[INFORMATION GIVEN]

lemma has_intercalate_orthomorphism_square:
  assumes "p \<noteq> 7"
  shows "has_intercalate p (orthomorphism_square p orthomorphism)"
proof (rule has_intercalate_orthomorphism_squareI[where r = 0 and r' = "w - w ^ 2" and c = 1 and c' = w])
  show "p > 0" "permutes_mod p orthomorphism"
    using prime permutes_orthomorphism by (auto simp: prime_gt_0_nat)
  show "\<not> [1 = w] (mod int p)"
    using not_cong_1 by (simp add: cong_sym_eq)
  show "\<not> [0 = w - w ^ 2] (mod int p)"
    using w_minus_square_not_cong_0 by (simp add: cong_sym_eq)
  have orth_1: "orthomorphism 1 = - (w ^ 2)"
    by (simp add: orthomorphism_def scale_on_roots_def)
  have orth_w: "orthomorphism w = - (w ^ 3)"
    using power_sixth_cong_1[of 1]
    by (simp add: orthomorphism_def scale_on_roots_def power2_eq_square power3_eq_cube)
  have orth_w2: "orthomorphism (w ^ 2) = - (w ^ 4)"
    using power_sixth_cong_1[of 2]
    by (simp add: orthomorphism_def scale_on_roots_def power2_eq_square power4_eq_xxxx)
  have orth_q: "orthomorphism (1 - w + w ^ 2) = - w * (1 - w + w ^ 2)"
    using not_sixth_root_1_minus_w_plus_square[OF assms]
    by (simp add: orthomorphism_def scale_on_roots_def)
  have args: "w - (w - w ^ 2) = w ^ 2" "1 - (w - w ^ 2) = 1 - w + w ^ 2"
    by simp_all
  show "[0 + orthomorphism (1 - 0) = (w - w ^ 2) + orthomorphism (w - (w - w ^ 2))] (mod int p)"
    unfolding args diff_zero add_0_left orth_1 orth_w2
    by (rule cong_if_multiple_of_root[where q = "w ^ 2 - w"])
      (simp add: power2_eq_square power4_eq_xxxx algebra_simps)
  show "[0 + orthomorphism (w - 0) = (w - w ^ 2) + orthomorphism (1 - (w - w ^ 2))] (mod int p)"
    unfolding args diff_zero add_0_left orth_w orth_q
    by (simp add: power2_eq_square power3_eq_cube algebra_simps)
qed

end

lemma latin_square_iff_distinct:
  "latin_square n L \<longleftrightarrow>
     (\<forall>i\<in>set [0..<n]. distinct (map (L i) [0..<n]) \<and> (\<forall>j\<in>set [0..<n]. L i j < n)) \<and>
     (\<forall>j\<in>set [0..<n]. distinct (map (\<lambda>i. L i j) [0..<n]))"
  unfolding latin_square_def
  by (auto simp: bij_betw_endo_iff distinct_map image_subset_iff)

lemma orthogonal_iff_distinct:
  "orthogonal n L M \<longleftrightarrow>
     distinct (map (\<lambda>(i, j). (L i j, M i j)) (List.product [0..<n] [0..<n])) \<and>
     (\<forall>i\<in>set [0..<n]. \<forall>j\<in>set [0..<n]. L i j < n \<and> M i j < n)"
proof -
  have cells: "{0..<n} \<times> {0..<n} = set (List.product [0..<n] [0..<n])"
    by simp
  have "distinct (List.product [0..<n] [0..<n])"
    by (simp add: distinct_product)
  then show ?thesis
    unfolding orthogonal_def cells bij_betw_endo_iff[OF finite_set] distinct_map
    by (simp add: image_subset_iff del: set_product) auto
qed

definition square7 :: "nat \<Rightarrow> nat \<Rightarrow> nat" where
  "square7 i j = [[0, 2, 1, 3, 4, 5, 6], [1, 3, 0, 5, 6, 2, 4], [4, 6, 2, 1, 0, 3, 5],
     [5, 0, 3, 4, 1, 6, 2], [6, 4, 5, 2, 3, 0, 1], [2, 1, 6, 0, 5, 4, 3], [3, 5, 4, 6, 2, 1, 0]] ! i ! j"

lemma latin_square_square7: "latin_square 7 square7"
  unfolding latin_square_iff_distinct by code_simp

lemma orthogonal_square7: "orthogonal 7 square7 (B 7)"
  unfolding orthogonal_iff_distinct B_def by code_simp

lemma has_intercalate_square7: "has_intercalate 7 square7"
  unfolding has_intercalate_def
  by (rule exI[of _ 0], simp, rule exI[of _ 1], simp, rule exI[of _ 0], simp, rule exI[of _ 2])
    (simp add: square7_def)

theorem theorem7p1:
  fixes p :: nat
  assumes "prime p" and "p mod 6 = 1"
  shows "\<exists>L. latin_square p L \<and> orthogonal p L (B p) \<and> has_intercalate p L"
proof -
  have "p mod 3 = 1" "p \<noteq> 3" "p > 0"
    using assms(2) by presburger+
  obtain w where "[w ^ 2 + w + 1 = 0] (mod int p)"
    using exists_cube_root_of_unity_mod_prime[OF assms(1) \<open>p mod 3 = 1\<close>] by blast
  then interpret cube_root_mod_prime p w
    using assms(1) \<open>p \<noteq> 3\<close> by unfold_locales
  show ?thesis
  proof (cases "p = 7")
    case True
    then show ?thesis
      using latin_square_square7 orthogonal_square7 has_intercalate_square7 by blast
  next
    case False
    have "latin_square p (orthomorphism_square p orthomorphism)"
      using \<open>p > 0\<close> permutes_orthomorphism permutes_orthomorphism_minus_id
      by (rule latin_square_orthomorphism_square)
    moreover have "orthogonal p (orthomorphism_square p orthomorphism) (B p)"
      using \<open>p > 0\<close> permutes_orthomorphism permutes_orthomorphism_twice_minus_id
      by (rule orthogonal_orthomorphism_square)
    ultimately show ?thesis
      using has_intercalate_orthomorphism_square[OF False] by blast
  qed
qed

end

[/INFORMATION GIVEN]

### TASK TO CARRY OUT
Your task is to copy every record exactly.

### RESPONSE FOR THIS EXERCISE
lemma has_intercalate_orthomorphism_square:
  assumes "p \<noteq> 7"
  shows "has_intercalate p (orthomorphism_square p orthomorphism)"
proof (rule has_intercalate_orthomorphism_squareI[where r = 0 and r' = "w - w ^ 2" and c = 1 and c' = w])
  show "p > 0" "permutes_mod p orthomorphism"
    using prime permutes_orthomorphism by (auto simp: prime_gt_0_nat)
  show "\<not> [1 = w] (mod int p)"
    using not_cong_1 by (simp add: cong_sym_eq)
  show "\<not> [0 = w - w ^ 2] (mod int p)"
    using w_minus_square_not_cong_0 by (simp add: cong_sym_eq)
  have orth_1: "orthomorphism 1 = - (w ^ 2)"
    by (simp add: orthomorphism_def scale_on_roots_def)
  have orth_w: "orthomorphism w = - (w ^ 3)"
    using power_sixth_cong_1[of 1]
    by (simp add: orthomorphism_def scale_on_roots_def power2_eq_square power3_eq_cube)
  have orth_w2: "orthomorphism (w ^ 2) = - (w ^ 4)"
    using power_sixth_cong_1[of 2]
    by (simp add: orthomorphism_def scale_on_roots_def power2_eq_square power4_eq_xxxx)
  have orth_q: "orthomorphism (1 - w + w ^ 2) = - w * (1 - w + w ^ 2)"
    using not_sixth_root_1_minus_w_plus_square[OF assms]
    by (simp add: orthomorphism_def scale_on_roots_def)
  have args: "w - (w - w ^ 2) = w ^ 2" "1 - (w - w ^ 2) = 1 - w + w ^ 2"
    by simp_all
  show "[0 + orthomorphism (1 - 0) = (w - w ^ 2) + orthomorphism (w - (w - w ^ 2))] (mod int p)"
    unfolding args diff_zero add_0_left orth_1 orth_w2
    by (rule cong_if_multiple_of_root[where q = "w ^ 2 - w"])
      (simp add: power2_eq_square power4_eq_xxxx algebra_simps)
  show "[0 + orthomorphism (w - 0) = (w - w ^ 2) + orthomorphism (1 - (w - w ^ 2))] (mod int p)"
    unfolding args diff_zero add_0_left orth_w orth_q
    by (simp add: power2_eq_square power3_eq_cube algebra_simps)
qed

end

lemma latin_square_iff_distinct:
  "latin_square n L \<longleftrightarrow>
     (\<forall>i\<in>set [0..<n]. distinct (map (L i) [0..<n]) \<and> (\<forall>j\<in>set [0..<n]. L i j < n)) \<and>
     (\<forall>j\<in>set [0..<n]. distinct (map (\<lambda>i. L i j) [0..<n]))"
  unfolding latin_square_def
  by (auto simp: bij_betw_endo_iff distinct_map image_subset_iff)

lemma orthogonal_iff_distinct:
  "orthogonal n L M \<longleftrightarrow>
     distinct (map (\<lambda>(i, j). (L i j, M i j)) (List.product [0..<n] [0..<n])) \<and>
     (\<forall>i\<in>set [0..<n]. \<forall>j\<in>set [0..<n]. L i j < n \<and> M i j < n)"
proof -
  have cells: "{0..<n} \<times> {0..<n} = set (List.product [0..<n] [0..<n])"
    by simp
  have "distinct (List.product [0..<n] [0..<n])"
    by (simp add: distinct_product)
  then show ?thesis
    unfolding orthogonal_def cells bij_betw_endo_iff[OF finite_set] distinct_map
    by (simp add: image_subset_iff del: set_product) auto
qed

definition square7 :: "nat \<Rightarrow> nat \<Rightarrow> nat" where
  "square7 i j = [[0, 2, 1, 3, 4, 5, 6], [1, 3, 0, 5, 6, 2, 4], [4, 6, 2, 1, 0, 3, 5],
     [5, 0, 3, 4, 1, 6, 2], [6, 4, 5, 2, 3, 0, 1], [2, 1, 6, 0, 5, 4, 3], [3, 5, 4, 6, 2, 1, 0]] ! i ! j"

lemma latin_square_square7: "latin_square 7 square7"
  unfolding latin_square_iff_distinct by code_simp

lemma orthogonal_square7: "orthogonal 7 square7 (B 7)"
  unfolding orthogonal_iff_distinct B_def by code_simp

lemma has_intercalate_square7: "has_intercalate 7 square7"
  unfolding has_intercalate_def
  by (rule exI[of _ 0], simp, rule exI[of _ 1], simp, rule exI[of _ 0], simp, rule exI[of _ 2])
    (simp add: square7_def)

theorem theorem7p1:
  fixes p :: nat
  assumes "prime p" and "p mod 6 = 1"
  shows "\<exists>L. latin_square p L \<and> orthogonal p L (B p) \<and> has_intercalate p L"
proof -
  have "p mod 3 = 1" "p \<noteq> 3" "p > 0"
    using assms(2) by presburger+
  obtain w where "[w ^ 2 + w + 1 = 0] (mod int p)"
    using exists_cube_root_of_unity_mod_prime[OF assms(1) \<open>p mod 3 = 1\<close>] by blast
  then interpret cube_root_mod_prime p w
    using assms(1) \<open>p \<noteq> 3\<close> by unfold_locales
  show ?thesis
  proof (cases "p = 7")
    case True
    then show ?thesis
      using latin_square_square7 orthogonal_square7 has_intercalate_square7 by blast
  next
    case False
    have "latin_square p (orthomorphism_square p orthomorphism)"
      using \<open>p > 0\<close> permutes_orthomorphism permutes_orthomorphism_minus_id
      by (rule latin_square_orthomorphism_square)
    moreover have "orthogonal p (orthomorphism_square p orthomorphism) (B p)"
      using \<open>p > 0\<close> permutes_orthomorphism permutes_orthomorphism_twice_minus_id
      by (rule orthogonal_orthomorphism_square)
    ultimately show ?thesis
      using has_intercalate_orthomorphism_square[OF False] by blast
  qed
qed

end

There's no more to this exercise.